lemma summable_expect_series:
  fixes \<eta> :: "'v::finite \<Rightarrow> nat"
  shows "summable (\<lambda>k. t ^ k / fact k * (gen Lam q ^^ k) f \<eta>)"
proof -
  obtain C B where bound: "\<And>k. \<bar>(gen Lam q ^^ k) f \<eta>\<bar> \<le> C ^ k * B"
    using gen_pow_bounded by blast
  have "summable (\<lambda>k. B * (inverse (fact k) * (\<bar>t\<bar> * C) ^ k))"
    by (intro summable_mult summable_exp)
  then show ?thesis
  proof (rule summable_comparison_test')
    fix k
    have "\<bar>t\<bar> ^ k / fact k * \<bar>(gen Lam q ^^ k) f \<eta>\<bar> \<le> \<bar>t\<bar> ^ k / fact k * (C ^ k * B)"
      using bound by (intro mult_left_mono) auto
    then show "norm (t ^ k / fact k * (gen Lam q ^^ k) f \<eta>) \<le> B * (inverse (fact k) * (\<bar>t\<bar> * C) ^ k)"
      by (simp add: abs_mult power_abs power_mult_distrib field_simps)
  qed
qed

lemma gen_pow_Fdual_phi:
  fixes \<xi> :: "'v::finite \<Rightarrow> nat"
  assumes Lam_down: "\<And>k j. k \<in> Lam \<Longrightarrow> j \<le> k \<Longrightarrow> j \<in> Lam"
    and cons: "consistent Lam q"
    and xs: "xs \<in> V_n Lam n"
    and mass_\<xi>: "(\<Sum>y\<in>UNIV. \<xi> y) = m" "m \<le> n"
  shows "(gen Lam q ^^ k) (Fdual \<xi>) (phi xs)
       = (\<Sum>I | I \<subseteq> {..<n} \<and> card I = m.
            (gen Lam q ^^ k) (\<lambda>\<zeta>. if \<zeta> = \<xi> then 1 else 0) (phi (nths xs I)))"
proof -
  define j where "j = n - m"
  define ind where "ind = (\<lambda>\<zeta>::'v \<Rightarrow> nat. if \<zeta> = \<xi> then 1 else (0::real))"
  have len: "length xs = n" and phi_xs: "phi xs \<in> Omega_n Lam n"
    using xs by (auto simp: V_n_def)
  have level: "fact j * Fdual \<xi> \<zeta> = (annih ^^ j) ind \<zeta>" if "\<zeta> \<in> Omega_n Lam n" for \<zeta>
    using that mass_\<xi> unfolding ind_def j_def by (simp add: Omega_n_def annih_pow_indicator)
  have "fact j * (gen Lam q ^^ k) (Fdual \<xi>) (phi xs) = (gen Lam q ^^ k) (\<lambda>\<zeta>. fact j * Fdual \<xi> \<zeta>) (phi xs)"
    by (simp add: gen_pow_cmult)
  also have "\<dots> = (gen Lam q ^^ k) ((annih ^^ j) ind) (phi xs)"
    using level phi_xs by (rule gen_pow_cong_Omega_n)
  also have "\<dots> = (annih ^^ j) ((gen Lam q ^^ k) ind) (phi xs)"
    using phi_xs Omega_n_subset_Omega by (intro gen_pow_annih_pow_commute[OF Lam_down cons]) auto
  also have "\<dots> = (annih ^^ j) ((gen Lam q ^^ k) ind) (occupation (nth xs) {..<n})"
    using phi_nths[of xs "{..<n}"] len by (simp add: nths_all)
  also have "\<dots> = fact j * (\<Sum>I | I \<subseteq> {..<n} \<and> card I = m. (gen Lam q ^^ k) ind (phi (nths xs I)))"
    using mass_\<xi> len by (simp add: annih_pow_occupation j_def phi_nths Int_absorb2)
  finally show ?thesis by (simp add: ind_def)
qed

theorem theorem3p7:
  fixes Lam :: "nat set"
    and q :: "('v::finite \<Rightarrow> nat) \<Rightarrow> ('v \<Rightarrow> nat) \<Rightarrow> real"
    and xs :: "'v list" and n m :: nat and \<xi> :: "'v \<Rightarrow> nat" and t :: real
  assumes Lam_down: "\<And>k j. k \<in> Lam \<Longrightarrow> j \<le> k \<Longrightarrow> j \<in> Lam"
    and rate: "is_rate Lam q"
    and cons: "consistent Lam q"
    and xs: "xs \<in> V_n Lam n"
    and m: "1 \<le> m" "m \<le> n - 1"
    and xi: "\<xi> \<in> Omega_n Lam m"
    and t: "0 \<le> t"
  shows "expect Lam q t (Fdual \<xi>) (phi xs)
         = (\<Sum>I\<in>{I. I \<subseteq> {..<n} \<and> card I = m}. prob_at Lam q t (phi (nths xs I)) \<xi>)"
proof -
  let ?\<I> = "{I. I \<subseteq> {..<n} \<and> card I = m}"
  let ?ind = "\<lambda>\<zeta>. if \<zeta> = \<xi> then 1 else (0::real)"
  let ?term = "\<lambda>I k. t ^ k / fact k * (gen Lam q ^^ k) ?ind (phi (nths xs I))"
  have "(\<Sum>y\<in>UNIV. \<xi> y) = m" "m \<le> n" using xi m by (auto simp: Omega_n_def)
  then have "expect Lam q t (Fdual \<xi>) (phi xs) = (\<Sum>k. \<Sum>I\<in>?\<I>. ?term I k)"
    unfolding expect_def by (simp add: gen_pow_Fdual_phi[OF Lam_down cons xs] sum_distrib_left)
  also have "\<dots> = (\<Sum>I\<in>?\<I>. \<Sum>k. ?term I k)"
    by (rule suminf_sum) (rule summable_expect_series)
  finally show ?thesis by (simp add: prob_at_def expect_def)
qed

_Task details_
Print, unaltered, every line from the beginning of the material down to the line with "f \<eta>) \<le>".

_Exercise response_
lemma summable_expect_series:
  fixes \<eta> :: "'v::finite \<Rightarrow> nat"
  shows "summable (\<lambda>k. t ^ k / fact k * (gen Lam q ^^ k) f \<eta>)"
proof -
  obtain C B where bound: "\<And>k. \<bar>(gen Lam q ^^ k) f \<eta>\<bar> \<le> C ^ k * B"
    using gen_pow_bounded by blast
  have "summable (\<lambda>k. B * (inverse (fact k) * (\<bar>t\<bar> * C) ^ k))"
    by (intro summable_mult summable_exp)
  then show ?thesis
  proof (rule summable_comparison_test')
    fix k
    have "\<bar>t\<bar> ^ k / fact k * \<bar>(gen Lam q ^^ k) f \<eta>\<bar> \<le> \<bar>t\<bar> ^ k / fact k * (C ^ k * B)"
      using bound by (intro mult_left_mono) auto
    then show "norm (t ^ k / fact k * (gen Lam q ^^ k) f \<eta>) \<le> B * (inverse (fact k) * (\<bar>t\<bar> * C) ^ k)"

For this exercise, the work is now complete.